What you should do | How do the lines below between the ones holding "using g(2,3) assms(5) by (metis)" and "proof (rule induced_cycle_apex[OF", inclusive, read? Give them again exactly, with no other lines.
*** Supplied records Section Begins ***
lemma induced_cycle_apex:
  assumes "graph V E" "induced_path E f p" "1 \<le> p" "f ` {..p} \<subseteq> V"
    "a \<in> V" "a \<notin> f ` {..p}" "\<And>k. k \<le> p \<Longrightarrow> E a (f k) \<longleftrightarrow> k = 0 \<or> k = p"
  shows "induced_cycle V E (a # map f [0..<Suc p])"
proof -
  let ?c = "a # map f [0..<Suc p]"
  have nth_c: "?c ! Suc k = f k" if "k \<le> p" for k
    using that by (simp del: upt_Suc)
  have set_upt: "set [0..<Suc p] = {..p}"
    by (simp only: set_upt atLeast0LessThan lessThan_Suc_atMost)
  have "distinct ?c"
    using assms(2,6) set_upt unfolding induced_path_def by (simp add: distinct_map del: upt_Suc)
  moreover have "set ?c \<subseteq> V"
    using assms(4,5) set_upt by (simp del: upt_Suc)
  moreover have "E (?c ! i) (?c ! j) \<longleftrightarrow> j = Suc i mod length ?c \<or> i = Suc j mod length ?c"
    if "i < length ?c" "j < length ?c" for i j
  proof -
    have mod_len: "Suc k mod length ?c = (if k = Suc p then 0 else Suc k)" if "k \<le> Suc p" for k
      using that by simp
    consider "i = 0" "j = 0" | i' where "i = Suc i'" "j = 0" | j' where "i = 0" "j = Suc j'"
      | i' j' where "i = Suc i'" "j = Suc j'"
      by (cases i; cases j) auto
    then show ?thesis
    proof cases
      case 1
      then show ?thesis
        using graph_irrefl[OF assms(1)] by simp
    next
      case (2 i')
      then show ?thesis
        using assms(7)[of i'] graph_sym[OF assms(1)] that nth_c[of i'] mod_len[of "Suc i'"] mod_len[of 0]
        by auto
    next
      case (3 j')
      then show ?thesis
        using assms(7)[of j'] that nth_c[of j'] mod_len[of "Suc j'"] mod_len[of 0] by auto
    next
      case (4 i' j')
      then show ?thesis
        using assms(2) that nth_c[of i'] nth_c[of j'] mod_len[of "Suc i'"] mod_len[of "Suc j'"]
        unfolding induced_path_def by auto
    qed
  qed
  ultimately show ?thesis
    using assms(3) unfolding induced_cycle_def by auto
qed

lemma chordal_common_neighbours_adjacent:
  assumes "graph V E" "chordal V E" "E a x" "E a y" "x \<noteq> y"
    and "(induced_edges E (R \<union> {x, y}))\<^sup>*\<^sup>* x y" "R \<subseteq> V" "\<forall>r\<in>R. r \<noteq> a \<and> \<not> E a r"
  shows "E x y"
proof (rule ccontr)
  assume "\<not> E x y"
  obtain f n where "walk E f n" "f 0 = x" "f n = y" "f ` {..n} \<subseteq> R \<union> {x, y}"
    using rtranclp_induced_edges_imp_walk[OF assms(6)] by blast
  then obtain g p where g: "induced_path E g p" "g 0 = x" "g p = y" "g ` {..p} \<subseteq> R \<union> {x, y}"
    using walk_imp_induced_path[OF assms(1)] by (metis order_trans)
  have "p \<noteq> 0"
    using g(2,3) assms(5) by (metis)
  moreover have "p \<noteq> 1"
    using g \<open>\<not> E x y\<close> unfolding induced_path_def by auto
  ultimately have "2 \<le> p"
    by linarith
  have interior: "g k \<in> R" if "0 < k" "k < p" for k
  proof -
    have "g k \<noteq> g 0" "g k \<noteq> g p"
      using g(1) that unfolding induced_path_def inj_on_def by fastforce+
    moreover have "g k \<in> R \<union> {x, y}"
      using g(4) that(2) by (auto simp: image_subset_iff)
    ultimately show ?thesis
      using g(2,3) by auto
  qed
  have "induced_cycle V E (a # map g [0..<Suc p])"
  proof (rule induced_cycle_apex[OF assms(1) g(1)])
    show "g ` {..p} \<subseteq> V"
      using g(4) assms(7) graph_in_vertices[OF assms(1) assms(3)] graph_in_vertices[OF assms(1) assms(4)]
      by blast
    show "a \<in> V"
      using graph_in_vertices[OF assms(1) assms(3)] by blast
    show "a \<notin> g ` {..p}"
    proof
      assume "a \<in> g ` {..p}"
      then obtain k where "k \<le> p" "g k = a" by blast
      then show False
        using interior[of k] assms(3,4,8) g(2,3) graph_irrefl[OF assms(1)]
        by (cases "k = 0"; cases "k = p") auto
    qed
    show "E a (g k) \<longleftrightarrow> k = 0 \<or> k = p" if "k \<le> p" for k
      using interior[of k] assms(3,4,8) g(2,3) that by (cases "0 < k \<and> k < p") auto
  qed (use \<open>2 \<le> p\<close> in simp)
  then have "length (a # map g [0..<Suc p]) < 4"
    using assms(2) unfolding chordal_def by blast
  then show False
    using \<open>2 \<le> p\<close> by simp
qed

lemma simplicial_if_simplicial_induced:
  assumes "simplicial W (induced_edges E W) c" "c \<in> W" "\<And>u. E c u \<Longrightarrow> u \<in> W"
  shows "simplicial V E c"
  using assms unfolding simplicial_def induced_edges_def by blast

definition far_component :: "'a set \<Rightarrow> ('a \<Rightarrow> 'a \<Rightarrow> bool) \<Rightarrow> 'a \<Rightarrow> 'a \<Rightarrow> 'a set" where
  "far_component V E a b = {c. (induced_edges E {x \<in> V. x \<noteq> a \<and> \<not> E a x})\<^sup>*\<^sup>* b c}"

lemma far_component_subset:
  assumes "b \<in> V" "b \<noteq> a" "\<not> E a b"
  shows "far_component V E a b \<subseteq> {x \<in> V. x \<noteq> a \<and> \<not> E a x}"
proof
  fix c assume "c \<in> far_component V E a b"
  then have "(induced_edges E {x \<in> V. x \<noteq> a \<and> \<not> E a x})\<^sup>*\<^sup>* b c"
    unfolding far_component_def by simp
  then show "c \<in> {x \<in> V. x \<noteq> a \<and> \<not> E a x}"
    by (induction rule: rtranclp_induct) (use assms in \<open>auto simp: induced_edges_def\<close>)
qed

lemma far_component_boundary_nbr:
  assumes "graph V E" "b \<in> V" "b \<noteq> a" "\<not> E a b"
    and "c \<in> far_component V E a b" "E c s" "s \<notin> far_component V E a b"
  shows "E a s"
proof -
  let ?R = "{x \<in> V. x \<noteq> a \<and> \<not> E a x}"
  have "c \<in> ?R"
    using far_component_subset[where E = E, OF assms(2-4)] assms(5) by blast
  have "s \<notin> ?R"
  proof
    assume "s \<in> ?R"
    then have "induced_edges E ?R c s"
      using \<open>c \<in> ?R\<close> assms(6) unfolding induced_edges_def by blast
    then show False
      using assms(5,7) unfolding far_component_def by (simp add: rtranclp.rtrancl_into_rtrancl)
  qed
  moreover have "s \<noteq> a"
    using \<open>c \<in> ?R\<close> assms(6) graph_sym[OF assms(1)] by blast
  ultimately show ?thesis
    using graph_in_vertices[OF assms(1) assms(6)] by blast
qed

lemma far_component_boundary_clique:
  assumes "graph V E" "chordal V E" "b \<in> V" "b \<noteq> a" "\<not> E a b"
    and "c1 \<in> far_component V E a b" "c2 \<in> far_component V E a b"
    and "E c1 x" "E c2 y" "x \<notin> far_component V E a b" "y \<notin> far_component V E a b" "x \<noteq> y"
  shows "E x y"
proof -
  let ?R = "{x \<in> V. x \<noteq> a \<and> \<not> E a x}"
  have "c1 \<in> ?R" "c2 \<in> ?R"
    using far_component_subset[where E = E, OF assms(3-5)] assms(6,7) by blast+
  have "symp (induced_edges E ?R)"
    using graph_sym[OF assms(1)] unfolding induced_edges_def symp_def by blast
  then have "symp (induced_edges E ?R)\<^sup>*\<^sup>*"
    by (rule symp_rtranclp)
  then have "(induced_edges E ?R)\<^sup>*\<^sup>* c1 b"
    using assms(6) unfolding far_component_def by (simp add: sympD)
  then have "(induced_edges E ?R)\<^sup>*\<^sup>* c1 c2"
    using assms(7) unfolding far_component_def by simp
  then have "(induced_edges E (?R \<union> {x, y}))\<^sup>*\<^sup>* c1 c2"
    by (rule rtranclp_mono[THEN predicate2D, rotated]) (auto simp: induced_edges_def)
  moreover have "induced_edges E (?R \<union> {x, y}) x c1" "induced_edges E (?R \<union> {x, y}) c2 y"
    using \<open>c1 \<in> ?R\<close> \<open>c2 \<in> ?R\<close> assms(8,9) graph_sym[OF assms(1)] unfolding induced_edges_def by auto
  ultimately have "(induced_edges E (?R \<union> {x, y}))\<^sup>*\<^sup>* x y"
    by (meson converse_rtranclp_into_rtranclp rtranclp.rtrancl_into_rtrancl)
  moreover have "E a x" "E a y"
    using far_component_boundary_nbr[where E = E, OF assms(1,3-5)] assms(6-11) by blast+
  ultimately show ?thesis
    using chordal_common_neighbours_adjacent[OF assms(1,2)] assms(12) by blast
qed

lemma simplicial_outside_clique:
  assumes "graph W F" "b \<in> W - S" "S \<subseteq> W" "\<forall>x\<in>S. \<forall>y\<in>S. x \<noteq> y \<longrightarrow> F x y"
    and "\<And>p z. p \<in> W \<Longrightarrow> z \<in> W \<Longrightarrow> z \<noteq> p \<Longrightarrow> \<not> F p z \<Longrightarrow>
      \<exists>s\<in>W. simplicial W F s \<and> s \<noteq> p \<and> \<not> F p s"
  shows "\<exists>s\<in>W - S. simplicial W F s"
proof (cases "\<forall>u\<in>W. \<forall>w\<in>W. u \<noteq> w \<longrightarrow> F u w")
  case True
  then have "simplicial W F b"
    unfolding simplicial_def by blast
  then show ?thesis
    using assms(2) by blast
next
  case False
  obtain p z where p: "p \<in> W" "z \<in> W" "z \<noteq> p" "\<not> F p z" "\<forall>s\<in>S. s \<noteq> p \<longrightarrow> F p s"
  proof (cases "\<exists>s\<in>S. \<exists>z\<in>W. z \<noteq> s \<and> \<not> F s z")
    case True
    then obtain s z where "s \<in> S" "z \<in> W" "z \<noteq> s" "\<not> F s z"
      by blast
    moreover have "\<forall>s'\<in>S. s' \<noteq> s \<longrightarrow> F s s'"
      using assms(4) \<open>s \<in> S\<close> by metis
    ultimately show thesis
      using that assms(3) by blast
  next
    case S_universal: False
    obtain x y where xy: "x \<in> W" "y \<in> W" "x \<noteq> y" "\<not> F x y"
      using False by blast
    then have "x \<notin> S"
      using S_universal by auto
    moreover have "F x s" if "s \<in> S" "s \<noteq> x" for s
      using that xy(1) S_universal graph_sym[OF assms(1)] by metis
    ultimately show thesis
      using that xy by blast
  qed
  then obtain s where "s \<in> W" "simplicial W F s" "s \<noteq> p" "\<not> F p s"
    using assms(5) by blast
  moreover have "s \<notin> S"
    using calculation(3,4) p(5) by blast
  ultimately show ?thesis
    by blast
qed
*** Supplied records Section Ends ***
*** Supplied records Section Begins ***
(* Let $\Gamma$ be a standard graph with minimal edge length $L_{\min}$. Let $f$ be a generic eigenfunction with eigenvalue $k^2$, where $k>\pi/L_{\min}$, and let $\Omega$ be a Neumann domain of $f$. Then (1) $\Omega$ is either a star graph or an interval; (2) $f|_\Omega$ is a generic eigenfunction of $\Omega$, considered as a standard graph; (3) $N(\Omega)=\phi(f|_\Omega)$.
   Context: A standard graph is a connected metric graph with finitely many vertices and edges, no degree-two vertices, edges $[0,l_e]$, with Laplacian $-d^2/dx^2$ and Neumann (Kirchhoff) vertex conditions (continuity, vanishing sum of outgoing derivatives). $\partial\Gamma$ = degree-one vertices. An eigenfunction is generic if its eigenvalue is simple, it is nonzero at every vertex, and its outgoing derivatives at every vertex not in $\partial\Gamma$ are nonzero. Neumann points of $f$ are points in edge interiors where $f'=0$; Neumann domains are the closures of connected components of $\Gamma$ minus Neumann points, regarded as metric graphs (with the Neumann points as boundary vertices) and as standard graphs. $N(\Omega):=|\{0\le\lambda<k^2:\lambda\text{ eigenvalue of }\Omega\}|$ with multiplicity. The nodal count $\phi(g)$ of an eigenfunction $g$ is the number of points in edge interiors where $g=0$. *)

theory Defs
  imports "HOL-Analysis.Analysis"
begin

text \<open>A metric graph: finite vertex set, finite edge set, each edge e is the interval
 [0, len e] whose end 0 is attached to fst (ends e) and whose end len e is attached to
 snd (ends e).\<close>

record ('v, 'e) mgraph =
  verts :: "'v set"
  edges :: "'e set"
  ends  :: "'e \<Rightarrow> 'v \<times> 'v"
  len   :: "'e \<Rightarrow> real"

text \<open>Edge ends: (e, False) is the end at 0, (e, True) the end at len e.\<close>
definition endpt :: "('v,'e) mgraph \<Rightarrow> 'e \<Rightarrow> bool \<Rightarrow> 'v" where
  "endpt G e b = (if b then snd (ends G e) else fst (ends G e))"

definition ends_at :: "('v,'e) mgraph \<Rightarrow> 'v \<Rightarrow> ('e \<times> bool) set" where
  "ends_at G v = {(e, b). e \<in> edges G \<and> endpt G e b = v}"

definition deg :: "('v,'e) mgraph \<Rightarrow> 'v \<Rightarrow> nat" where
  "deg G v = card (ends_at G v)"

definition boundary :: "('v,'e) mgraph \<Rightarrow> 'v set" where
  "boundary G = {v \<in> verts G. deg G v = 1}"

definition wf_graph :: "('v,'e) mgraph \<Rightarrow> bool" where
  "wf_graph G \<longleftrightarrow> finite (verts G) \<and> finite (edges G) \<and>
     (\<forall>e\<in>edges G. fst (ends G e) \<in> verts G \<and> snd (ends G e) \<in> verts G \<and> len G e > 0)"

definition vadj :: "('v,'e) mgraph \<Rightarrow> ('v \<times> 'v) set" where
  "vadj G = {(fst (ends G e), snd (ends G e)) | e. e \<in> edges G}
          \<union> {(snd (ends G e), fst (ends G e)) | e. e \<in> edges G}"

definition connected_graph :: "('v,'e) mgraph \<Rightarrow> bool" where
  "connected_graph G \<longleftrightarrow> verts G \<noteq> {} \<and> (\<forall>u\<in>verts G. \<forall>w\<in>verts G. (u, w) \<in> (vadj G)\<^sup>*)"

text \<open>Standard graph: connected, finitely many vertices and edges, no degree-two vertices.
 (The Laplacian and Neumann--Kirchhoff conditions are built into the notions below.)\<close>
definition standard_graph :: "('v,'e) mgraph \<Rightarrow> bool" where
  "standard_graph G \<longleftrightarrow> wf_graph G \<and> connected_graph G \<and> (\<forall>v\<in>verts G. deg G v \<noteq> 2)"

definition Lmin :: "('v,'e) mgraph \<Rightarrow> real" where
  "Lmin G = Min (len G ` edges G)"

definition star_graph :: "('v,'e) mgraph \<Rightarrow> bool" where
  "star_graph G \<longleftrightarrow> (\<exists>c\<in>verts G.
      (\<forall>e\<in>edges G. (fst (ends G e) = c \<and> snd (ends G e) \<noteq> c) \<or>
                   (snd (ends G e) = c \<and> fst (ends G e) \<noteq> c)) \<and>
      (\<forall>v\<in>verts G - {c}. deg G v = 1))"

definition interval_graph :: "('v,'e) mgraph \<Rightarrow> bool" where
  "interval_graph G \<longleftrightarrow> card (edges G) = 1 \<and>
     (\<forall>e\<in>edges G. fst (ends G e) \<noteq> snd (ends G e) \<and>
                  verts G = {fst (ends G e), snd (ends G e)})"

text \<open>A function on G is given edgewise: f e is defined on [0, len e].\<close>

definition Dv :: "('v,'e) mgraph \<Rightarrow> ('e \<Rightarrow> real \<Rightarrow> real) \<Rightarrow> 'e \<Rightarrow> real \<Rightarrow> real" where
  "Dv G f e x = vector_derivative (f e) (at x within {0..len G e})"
*** Supplied records Section Ends ***
Solution for this exercise |
    using g(2,3) assms(5) by (metis)
  moreover have "p \<noteq> 1"
    using g \<open>\<not> E x y\<close> unfolding induced_path_def by auto
  ultimately have "2 \<le> p"
    by linarith
  have interior: "g k \<in> R" if "0 < k" "k < p" for k
  proof -
    have "g k \<noteq> g 0" "g k \<noteq> g p"
      using g(1) that unfolding induced_path_def inj_on_def by fastforce+
    moreover have "g k \<in> R \<union> {x, y}"
      using g(4) that(2) by (auto simp: image_subset_iff)
    ultimately show ?thesis
      using g(2,3) by auto
  qed
  have "induced_cycle V E (a # map g [0..<Suc p])"
  proof (rule induced_cycle_apex[OF assms(1) g(1)])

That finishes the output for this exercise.